No.126 既に限界に達した現代文明

◇成功しても幸せにはなれない◇

小さい内に処理すれば、何事も難しくない。これは前章で学んだ心得ですが、第六十四章にも同様の内容が出てきます。物事を進める上での注意事項が、さらに示されているのです。

例えば、焦らないで一歩一歩進めるべきことや、野心を抱いたり、固執したりしないこと。また、締め括りをしっかりやることや、知識に囚われないで自然の原理に則るべきことなどが、教えとして出てきます。

21世紀は東西文明の交代期と言われています。我々は、これまでの現代文明から、次の文明である共生文明に転換する、人類史の狭間に生きているのです。

膨張資本主義や欲望民主主義を基本原理とした現代文明は、既に限界に達しました。一直線に経済成長することが善であり、その成長は決して止めてはならないという考え方自体が行き詰まったのです。

利益至上主義の中で人々は激しい競争と戦いにさらされ、成果を上げて勝者になったものの心身はボロボロ。敗者は敗者で経済格差に苦しみ、落ちぶれた現実を呪うばかり。
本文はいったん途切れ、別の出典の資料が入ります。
lemma osat_cell_mass_assn:
  fixes conj :: "'sa \<Rightarrow> 'sa \<Rightarrow> 'sa"
  assumes sat_conj: "\<And>s A B. sat s (conj A B) \<longleftrightarrow> sat s A \<and> sat s B"
    and sat_neg: "\<And>s A. sat s (neg A) \<longleftrightarrow> \<not> sat s A"
    and \<nu>: "is_subdist \<nu>" and bs: "distinct bs" "set bs = range (truth_vector sat As)"
  shows "osat sat \<nu> (cell_mass_assn conj neg As m bs) \<longleftrightarrow>
    (\<forall>b\<in>set bs. infsum \<nu> (truth_vector sat As -` {b}) = m b)"
proof -
  let ?Cs = "map (\<lambda>b. (literal_conj conj neg As b, m b)) bs"
  have cell: "sat s (literal_conj conj neg As b) \<longleftrightarrow> truth_vector sat As s = b"
    if "b \<in> set bs" for b s
    using sat_literal_conj[where sat = sat and conj = conj and neg = neg, OF sat_conj sat_neg]
      bs(2) that by auto
  have "sorted_wrt (\<noteq>) bs" using bs(1) by (induction bs) auto
  then have excl: "pairwise_exclusive sat ?Cs"
    unfolding pairwise_exclusive_def sorted_wrt_map
    by (rule sorted_wrt_mono_rel[rotated]) (auto simp: cell)
  have covered: "\<forall>s. \<nu> s \<noteq> 0 \<longrightarrow> (\<exists>(C, p)\<in>set ?Cs. sat s C)"
    using bs(2) by (force simp: cell)
  have "{s. sat s (literal_conj conj neg As b)} = truth_vector sat As -` {b}" if "b \<in> set bs" for b
    using cell[OF that] by auto
  then have masses: "(\<forall>(C, p)\<in>set ?Cs. infsum \<nu> {s. sat s C} = p) \<longleftrightarrow>
      (\<forall>b\<in>set bs. infsum \<nu> (truth_vector sat As -` {b}) = m b)"
    by simp
  show ?thesis
    unfolding cell_mass_assn_def
    using osat_bigplus_exclusiveD[OF excl \<nu>] osat_bigplus_exclusiveI[OF excl \<nu> covered]
    unfolding masses[symmetric] by fast
qed

lemma ex_no_imp_assn_same_cell_masses:
  fixes conj :: "'sa \<Rightarrow> 'sa \<Rightarrow> 'sa" and \<mu> :: "'s::countable \<Rightarrow> real"
  assumes sat_conj: "\<And>s A B. sat s (conj A B) \<longleftrightarrow> sat s A \<and> sat s B"
    and sat_neg: "\<And>s A. sat s (neg A) \<longleftrightarrow> \<not> sat s A"
  obtains \<psi> where "no_imp \<psi>"
    and "\<And>\<nu>. is_subdist \<nu> \<Longrightarrow> osat sat \<nu> \<psi> \<longleftrightarrow>
      (\<forall>b. infsum \<nu> (truth_vector sat As -` {b}) = infsum \<mu> (truth_vector sat As -` {b}))"
proof -
  let ?q = "truth_vector sat As"
  obtain bs where bs: "distinct bs" "set bs = range ?q"
    using finite_distinct_list[OF finite_range_truth_vector] by metis
  define \<psi> where "\<psi> = cell_mass_assn conj neg As (\<lambda>b. infsum \<mu> (?q -` {b})) bs"
  have "osat sat \<nu> \<psi> \<longleftrightarrow> (\<forall>b. infsum \<nu> (?q -` {b}) = infsum \<mu> (?q -` {b}))"
    if \<nu>: "is_subdist \<nu>" for \<nu>
  proof -
    have "osat sat \<nu> \<psi> \<longleftrightarrow> (\<forall>b\<in>set bs. infsum \<nu> (?q -` {b}) = infsum \<mu> (?q -` {b}))"
      unfolding \<psi>_def
      by (rule osat_cell_mass_assn[where sat = sat and conj = conj and neg = neg,
            OF sat_conj sat_neg \<nu> bs])
    moreover have "?q -` {b} = {}" if "b \<notin> set bs" for b
      using bs(2) that by auto
    ultimately show ?thesis by (metis infsum_empty)
  qed
  moreover have "no_imp \<psi>" by (simp add: \<psi>_def cell_mass_assn_def no_imp_bigplus)
  ultimately show ?thesis using that by blast
qed

theorem lemmaD10:
  fixes sat :: "'s::countable \<Rightarrow> 'sa \<Rightarrow> bool"
    and conj :: "'sa \<Rightarrow> 'sa \<Rightarrow> 'sa"
    and neg :: "'sa \<Rightarrow> 'sa"
    and \<mu> :: "'s \<Rightarrow> real"
    and As :: "('sa \<times> real) list"
  assumes sat_conj: "\<And>s A B. sat s (conj A B) \<longleftrightarrow> sat s A \<and> sat s B"
    and sat_neg: "\<And>s A. sat s (neg A) \<longleftrightarrow> \<not> sat s A"
    and mu: "is_subdist \<mu>"
    and probs: "\<forall>(A, p) \<in> set As. 0 \<le> p \<and> p \<le> 1"
  shows "\<not> osat sat \<mu> (bigplus As) \<longleftrightarrow>
         (\<exists>\<psi>. no_imp \<psi> \<and> osat sat \<mu> \<psi> \<and> oentails sat \<psi> (ONot (bigplus As)))"
proof
  let ?q = "truth_vector sat (map fst As)"
  assume \<mu>_unsat: "\<not> osat sat \<mu> (bigplus As)"
  obtain \<psi> where "no_imp \<psi>" and \<psi>: "\<And>\<nu>. is_subdist \<nu> \<Longrightarrow> osat sat \<nu> \<psi> \<longleftrightarrow>
      (\<forall>b. infsum \<nu> (?q -` {b}) = infsum \<mu> (?q -` {b}))"
    using ex_no_imp_assn_same_cell_masses[where sat = sat and \<mu> = \<mu>, OF sat_conj sat_neg] by metis
  have As_on_cells: "sat s A \<longleftrightarrow> sat t A" if "A \<in> fst ` set As" "?q s = ?q t" for A s t
    using sat_eq_if_truth_vector_eq[of A "map fst As"] that by simp
  have "\<not> osat sat \<nu> (bigplus As)" if \<nu>: "is_subdist \<nu>" "osat sat \<nu> \<psi>" for \<nu>
    using osat_bigplus_transfer[where sat = sat and As = As,
        OF finite_range_truth_vector As_on_cells mu \<nu>(1)] \<psi>[OF \<nu>(1)] \<nu>(2) \<mu>_unsat
    by blast
  then have "oentails sat \<psi> (ONot (bigplus As))"
    by (simp add: oentails_def ONot_def)
  then show "\<exists>\<psi>. no_imp \<psi> \<and> osat sat \<mu> \<psi> \<and> oentails sat \<psi> (ONot (bigplus As))"
    using \<open>no_imp \<psi>\<close> \<psi>[OF mu] by blast
next
  assume "\<exists>\<psi>. no_imp \<psi> \<and> osat sat \<mu> \<psi> \<and> oentails sat \<psi> (ONot (bigplus As))"
  then show "\<not> osat sat \<mu> (bigplus As)"
    using mu by (auto simp: oentails_def ONot_def)
qed

end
結局、落ちぶれたら当然のこと、成功しても幸福にはなれないという追い詰められた状況に、世の中全体が陥ってしまったのです。

そうして、正義の精神や慈悲の心が消え、政治は腐敗し、人心は堕落する一方。
社会は自分のことしか考えない人々で溢れ、子供たちにとって尊敬出来る人は、テレビに出ている有名人と、金儲けが巧みな人のみというのが実態です。

その一方で、信じられるものを探し、精神の拠り所を取り戻そうとする人も現れています。宇宙と人間の関係や、国家の役割と国民の使命などを探求する人々が、着実に増えているのです。価値観そのものを切り替えるべき時代に到った今、『老子』に学ぶ意味が高まっていることを痛感しております。

◇聖人は、為すことが無く、故に敗れることが無い◇

《老子・第六十四章》
「安定しているものは保持し易く、未だ兆(きざ)していないうちは対処し易い。脆(もろ)いものは解け易く、微小なるものは散らし易い。物事は顕在化しないうちに処理し、乱れないうちに治めよ。

一抱えの大木は、毛先(ほどの芽)から生ず。
九層もの高台は、一盛りずつの土の積み重ねから起工する。
千里の行程は、足下(の一歩)から始まる。

作為でやろうとする者は敗れ、固執する者は失う。
こういうことから(道家の)聖人は、為すことが無く、故に敗れることが無い。
執着しないから、故に失うことも無い。

人民が仕事に従うとき、いつも殆ど完成するというところで失敗している。
仕上げを慎重にすることが始めのようであれば、則ち失敗する事は無い。

こういうことから聖人は欲望を持たないことを欲し、得難い財宝を貴ばない。
(知識に過ぎない学問は)学ばないということを学び、民衆の行き過ぎたところを(本来の姿に)復帰させる。そうして万物の自然(な在り方)を助けて、敢えて(無理な事は)為さない。」

※原文のキーワード
安定しているもの…「安」、保持し易い…「易持」、未だ兆していない…「未兆」、対処し易い…「易謀」、脆いもの…「脆」、解け易い…「易・さんずい+半」、微小なるもの…「微」、散らし易い…「易散」、物事…「之」、顕在化しないうち…「未有」、乱れないうち…「未乱」、一抱えの大木…「合抱(ごうほう)之木」、毛先…「毫末」、九層の高台…「九層之台」、一盛ずつの土の積み重ね…「累土(るいど)」、起工…「起」、千里の行程…「千里之行」、作為でやろうとする者…「為者」、固執する者…「執者」、こういうことから…「是以」、為すことが無い…「無為」、敗れることが無い…「無敗」、執着しない…「無執」、失うことも無い…「無失」、人民…「民」、仕事…「事」、従う…「従」、いつも…「常」、殆ど完成するというところで…「於幾成」、失敗…「敗」、仕上げ…「終」、慎重…「慎」、ようであれば…「如」、失敗する事は無い…「無敗事」、欲望を持たないことを欲す…「欲不欲」、得難い財宝…「難得之貨」、貴ばない…「不貴」、学ばないということを学ぶ…「学不学」、民衆…「衆人」、行き過ぎたところ…「所過」、復帰…「復」、そうして…「以」、助ける…「輔」、敢えて為さない…「不敢為」 (続く)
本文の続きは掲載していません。